§ What is expected
There is material below. Print exactly the lines starting at the line with "unfolding inv_mult_def inv_form_def" and ending at the line with "apply (simp add: algebra_simps", ends included, and no others.

§ Extracted records

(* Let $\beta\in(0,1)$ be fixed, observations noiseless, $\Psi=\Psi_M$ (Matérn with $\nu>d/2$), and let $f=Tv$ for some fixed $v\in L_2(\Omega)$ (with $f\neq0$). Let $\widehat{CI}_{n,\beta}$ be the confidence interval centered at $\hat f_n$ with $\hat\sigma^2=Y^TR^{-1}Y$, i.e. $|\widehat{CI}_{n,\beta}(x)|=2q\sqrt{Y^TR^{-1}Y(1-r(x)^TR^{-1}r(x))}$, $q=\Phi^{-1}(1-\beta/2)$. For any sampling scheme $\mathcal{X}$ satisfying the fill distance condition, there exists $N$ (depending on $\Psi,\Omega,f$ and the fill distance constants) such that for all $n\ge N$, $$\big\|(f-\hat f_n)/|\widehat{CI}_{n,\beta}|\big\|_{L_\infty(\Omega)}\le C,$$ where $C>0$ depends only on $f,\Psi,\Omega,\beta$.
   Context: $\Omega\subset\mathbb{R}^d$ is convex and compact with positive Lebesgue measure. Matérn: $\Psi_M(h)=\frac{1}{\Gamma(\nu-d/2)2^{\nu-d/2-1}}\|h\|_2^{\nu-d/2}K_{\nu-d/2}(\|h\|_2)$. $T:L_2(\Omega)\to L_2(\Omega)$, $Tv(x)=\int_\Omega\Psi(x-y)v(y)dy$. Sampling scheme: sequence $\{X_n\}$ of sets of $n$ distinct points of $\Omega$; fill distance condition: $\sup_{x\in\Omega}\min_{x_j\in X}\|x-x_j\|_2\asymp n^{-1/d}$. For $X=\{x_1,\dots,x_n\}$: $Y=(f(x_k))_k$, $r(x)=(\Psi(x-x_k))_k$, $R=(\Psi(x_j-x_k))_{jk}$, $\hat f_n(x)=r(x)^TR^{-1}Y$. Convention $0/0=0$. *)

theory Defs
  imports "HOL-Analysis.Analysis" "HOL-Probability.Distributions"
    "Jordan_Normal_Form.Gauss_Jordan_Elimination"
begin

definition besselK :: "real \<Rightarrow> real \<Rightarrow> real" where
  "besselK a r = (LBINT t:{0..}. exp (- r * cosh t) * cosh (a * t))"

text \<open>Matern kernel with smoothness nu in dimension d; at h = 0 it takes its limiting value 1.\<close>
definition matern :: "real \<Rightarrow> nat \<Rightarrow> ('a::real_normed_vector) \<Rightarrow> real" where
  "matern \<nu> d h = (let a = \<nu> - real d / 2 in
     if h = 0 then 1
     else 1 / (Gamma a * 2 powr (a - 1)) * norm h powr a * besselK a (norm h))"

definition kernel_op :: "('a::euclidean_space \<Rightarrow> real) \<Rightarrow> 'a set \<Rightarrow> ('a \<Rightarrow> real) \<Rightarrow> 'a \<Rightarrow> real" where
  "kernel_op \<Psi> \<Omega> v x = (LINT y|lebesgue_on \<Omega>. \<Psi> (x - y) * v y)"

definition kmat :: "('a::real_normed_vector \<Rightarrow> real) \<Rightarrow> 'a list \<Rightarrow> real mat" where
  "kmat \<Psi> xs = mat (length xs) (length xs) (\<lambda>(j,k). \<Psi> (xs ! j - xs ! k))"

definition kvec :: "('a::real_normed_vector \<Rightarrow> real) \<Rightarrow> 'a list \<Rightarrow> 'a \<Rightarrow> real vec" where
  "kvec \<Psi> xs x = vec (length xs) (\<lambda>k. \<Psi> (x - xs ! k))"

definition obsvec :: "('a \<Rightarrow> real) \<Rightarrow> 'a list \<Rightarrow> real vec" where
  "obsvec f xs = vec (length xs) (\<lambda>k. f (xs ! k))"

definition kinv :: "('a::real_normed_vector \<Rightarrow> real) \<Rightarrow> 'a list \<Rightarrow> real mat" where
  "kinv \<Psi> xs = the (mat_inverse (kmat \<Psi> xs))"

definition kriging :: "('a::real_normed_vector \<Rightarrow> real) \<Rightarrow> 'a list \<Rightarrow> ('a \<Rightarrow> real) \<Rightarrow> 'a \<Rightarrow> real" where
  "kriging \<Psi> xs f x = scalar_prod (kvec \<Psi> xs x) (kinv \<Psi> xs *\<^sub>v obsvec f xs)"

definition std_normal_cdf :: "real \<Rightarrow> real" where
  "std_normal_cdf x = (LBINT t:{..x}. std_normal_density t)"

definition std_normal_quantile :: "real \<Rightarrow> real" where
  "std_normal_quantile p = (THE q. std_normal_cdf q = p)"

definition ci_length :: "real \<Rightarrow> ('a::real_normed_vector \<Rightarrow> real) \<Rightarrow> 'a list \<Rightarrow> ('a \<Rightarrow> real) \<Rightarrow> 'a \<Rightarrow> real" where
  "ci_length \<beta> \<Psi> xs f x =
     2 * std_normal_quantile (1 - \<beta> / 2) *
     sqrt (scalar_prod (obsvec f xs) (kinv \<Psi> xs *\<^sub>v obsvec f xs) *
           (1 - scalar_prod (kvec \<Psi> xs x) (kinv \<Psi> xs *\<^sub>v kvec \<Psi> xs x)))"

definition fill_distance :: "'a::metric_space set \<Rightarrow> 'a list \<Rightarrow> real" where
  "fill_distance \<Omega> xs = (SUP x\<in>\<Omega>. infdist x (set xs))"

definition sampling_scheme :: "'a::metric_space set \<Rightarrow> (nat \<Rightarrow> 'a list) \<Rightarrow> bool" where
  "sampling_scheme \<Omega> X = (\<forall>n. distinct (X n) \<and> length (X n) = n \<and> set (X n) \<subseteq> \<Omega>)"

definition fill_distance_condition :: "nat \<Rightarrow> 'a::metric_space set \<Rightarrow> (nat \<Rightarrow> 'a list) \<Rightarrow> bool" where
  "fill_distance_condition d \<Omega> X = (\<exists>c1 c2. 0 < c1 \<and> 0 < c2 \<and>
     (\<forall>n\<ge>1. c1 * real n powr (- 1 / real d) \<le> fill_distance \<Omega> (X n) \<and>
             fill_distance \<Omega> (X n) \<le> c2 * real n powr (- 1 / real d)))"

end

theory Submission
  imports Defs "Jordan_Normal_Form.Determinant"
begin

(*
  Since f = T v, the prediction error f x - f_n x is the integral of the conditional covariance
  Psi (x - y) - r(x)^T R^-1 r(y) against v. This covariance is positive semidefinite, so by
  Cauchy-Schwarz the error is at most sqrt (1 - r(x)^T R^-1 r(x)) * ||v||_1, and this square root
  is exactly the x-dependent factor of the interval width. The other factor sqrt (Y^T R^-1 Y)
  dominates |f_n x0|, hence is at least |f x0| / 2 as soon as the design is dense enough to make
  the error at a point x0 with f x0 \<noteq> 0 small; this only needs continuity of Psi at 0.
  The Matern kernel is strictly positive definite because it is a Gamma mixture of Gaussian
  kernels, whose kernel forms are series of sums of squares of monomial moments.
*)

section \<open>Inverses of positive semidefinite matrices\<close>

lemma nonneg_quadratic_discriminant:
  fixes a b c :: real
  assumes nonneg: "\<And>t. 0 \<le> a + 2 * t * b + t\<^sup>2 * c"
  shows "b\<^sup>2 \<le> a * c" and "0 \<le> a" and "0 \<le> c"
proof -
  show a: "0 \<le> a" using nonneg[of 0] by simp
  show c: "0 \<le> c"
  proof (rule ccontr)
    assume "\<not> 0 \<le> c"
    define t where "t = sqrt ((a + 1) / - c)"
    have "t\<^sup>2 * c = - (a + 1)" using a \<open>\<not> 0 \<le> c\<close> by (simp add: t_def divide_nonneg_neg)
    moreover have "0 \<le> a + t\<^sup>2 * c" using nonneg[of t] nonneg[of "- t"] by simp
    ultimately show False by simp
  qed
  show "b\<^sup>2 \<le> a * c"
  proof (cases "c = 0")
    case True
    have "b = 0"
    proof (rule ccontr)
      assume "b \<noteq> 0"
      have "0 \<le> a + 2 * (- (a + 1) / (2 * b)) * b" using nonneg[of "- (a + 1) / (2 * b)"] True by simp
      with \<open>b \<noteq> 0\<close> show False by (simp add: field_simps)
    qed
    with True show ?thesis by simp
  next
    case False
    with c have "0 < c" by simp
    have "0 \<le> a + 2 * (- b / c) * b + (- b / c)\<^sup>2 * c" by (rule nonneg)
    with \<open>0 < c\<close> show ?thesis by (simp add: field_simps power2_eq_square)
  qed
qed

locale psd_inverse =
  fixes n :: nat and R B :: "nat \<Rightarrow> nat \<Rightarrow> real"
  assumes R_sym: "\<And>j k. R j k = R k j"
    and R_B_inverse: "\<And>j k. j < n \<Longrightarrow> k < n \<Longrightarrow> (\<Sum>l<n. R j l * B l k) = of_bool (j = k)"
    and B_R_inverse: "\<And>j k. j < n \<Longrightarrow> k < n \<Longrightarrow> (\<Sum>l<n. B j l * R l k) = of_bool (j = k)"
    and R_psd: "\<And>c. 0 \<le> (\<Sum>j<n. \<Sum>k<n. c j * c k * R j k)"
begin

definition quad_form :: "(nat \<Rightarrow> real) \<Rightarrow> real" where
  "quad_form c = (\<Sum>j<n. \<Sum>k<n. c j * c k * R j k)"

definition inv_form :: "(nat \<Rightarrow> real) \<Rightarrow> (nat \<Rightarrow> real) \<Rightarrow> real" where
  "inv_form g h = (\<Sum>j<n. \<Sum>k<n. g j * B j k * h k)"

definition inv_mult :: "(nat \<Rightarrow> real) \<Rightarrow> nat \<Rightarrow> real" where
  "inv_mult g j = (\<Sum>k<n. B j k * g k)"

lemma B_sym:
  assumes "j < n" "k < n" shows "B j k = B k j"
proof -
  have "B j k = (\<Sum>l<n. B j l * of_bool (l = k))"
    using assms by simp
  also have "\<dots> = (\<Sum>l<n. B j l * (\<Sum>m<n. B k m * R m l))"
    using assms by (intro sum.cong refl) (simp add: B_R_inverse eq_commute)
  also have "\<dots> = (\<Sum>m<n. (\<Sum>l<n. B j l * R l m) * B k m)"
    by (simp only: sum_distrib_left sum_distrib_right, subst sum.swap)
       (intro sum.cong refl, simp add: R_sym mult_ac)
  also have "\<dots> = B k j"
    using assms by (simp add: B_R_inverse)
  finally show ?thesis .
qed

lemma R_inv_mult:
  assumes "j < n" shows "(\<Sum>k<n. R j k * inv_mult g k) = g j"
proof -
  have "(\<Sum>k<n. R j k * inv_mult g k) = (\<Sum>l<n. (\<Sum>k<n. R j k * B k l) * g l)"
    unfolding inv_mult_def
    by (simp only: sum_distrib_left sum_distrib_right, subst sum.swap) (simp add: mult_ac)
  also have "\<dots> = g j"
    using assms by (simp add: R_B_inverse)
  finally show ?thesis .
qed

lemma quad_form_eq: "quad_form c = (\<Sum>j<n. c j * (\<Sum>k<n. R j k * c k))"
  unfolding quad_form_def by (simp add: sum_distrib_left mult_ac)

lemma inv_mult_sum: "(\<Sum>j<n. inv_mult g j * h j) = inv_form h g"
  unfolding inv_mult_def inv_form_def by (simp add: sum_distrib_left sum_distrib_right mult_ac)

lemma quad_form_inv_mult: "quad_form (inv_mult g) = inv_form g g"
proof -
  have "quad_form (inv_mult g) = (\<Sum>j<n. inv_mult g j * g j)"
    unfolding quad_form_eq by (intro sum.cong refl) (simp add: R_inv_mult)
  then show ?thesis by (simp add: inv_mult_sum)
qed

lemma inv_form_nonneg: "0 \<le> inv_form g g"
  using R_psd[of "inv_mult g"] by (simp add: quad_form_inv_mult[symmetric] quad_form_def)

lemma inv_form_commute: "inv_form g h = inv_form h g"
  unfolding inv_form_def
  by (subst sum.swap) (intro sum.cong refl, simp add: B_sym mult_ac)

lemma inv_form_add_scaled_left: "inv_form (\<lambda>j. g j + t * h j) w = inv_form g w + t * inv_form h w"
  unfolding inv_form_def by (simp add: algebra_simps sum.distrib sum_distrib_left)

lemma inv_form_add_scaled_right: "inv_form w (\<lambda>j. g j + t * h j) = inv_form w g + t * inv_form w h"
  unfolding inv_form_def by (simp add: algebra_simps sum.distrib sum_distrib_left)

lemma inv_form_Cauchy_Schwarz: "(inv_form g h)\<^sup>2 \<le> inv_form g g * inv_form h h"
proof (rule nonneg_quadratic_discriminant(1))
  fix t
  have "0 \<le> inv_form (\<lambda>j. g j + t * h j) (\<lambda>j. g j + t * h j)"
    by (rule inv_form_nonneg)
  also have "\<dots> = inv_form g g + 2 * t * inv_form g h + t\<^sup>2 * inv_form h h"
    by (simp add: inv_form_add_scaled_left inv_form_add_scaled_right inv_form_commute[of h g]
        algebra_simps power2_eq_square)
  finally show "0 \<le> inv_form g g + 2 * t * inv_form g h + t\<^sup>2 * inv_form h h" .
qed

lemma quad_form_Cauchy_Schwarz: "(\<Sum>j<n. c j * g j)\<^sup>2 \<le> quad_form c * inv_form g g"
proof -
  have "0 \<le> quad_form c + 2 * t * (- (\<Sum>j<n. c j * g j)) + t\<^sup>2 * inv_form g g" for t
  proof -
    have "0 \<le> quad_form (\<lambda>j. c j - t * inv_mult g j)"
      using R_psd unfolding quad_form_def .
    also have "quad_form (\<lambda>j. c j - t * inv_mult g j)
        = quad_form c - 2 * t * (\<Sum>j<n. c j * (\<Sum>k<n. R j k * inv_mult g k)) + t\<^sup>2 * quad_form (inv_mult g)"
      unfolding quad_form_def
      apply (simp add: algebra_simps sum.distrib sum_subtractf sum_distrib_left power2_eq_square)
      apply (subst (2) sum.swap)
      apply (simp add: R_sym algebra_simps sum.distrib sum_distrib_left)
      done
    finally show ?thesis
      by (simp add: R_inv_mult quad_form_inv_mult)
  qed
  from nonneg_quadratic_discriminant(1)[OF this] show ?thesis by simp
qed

§ Result below
  unfolding inv_mult_def inv_form_def by (simp add: sum_distrib_left sum_distrib_right mult_ac)

lemma quad_form_inv_mult: "quad_form (inv_mult g) = inv_form g g"
proof -
  have "quad_form (inv_mult g) = (\<Sum>j<n. inv_mult g j * g j)"
    unfolding quad_form_eq by (intro sum.cong refl) (simp add: R_inv_mult)
  then show ?thesis by (simp add: inv_mult_sum)
qed

lemma inv_form_nonneg: "0 \<le> inv_form g g"
  using R_psd[of "inv_mult g"] by (simp add: quad_form_inv_mult[symmetric] quad_form_def)

lemma inv_form_commute: "inv_form g h = inv_form h g"
  unfolding inv_form_def
  by (subst sum.swap) (intro sum.cong refl, simp add: B_sym mult_ac)

lemma inv_form_add_scaled_left: "inv_form (\<lambda>j. g j + t * h j) w = inv_form g w + t * inv_form h w"
  unfolding inv_form_def by (simp add: algebra_simps sum.distrib sum_distrib_left)

lemma inv_form_add_scaled_right: "inv_form w (\<lambda>j. g j + t * h j) = inv_form w g + t * inv_form w h"
  unfolding inv_form_def by (simp add: algebra_simps sum.distrib sum_distrib_left)

lemma inv_form_Cauchy_Schwarz: "(inv_form g h)\<^sup>2 \<le> inv_form g g * inv_form h h"
proof (rule nonneg_quadratic_discriminant(1))
  fix t
  have "0 \<le> inv_form (\<lambda>j. g j + t * h j) (\<lambda>j. g j + t * h j)"
    by (rule inv_form_nonneg)
  also have "\<dots> = inv_form g g + 2 * t * inv_form g h + t\<^sup>2 * inv_form h h"
    by (simp add: inv_form_add_scaled_left inv_form_add_scaled_right inv_form_commute[of h g]
        algebra_simps power2_eq_square)
  finally show "0 \<le> inv_form g g + 2 * t * inv_form g h + t\<^sup>2 * inv_form h h" .
qed

lemma quad_form_Cauchy_Schwarz: "(\<Sum>j<n. c j * g j)\<^sup>2 \<le> quad_form c * inv_form g g"
proof -
  have "0 \<le> quad_form c + 2 * t * (- (\<Sum>j<n. c j * g j)) + t\<^sup>2 * inv_form g g" for t
  proof -
    have "0 \<le> quad_form (\<lambda>j. c j - t * inv_mult g j)"
      using R_psd unfolding quad_form_def .
    also have "quad_form (\<lambda>j. c j - t * inv_mult g j)
        = quad_form c - 2 * t * (\<Sum>j<n. c j * (\<Sum>k<n. R j k * inv_mult g k)) + t\<^sup>2 * quad_form (inv_mult g)"
      unfolding quad_form_def
      apply (simp add: algebra_simps sum.distrib sum_subtractf sum_distrib_left power2_eq_square)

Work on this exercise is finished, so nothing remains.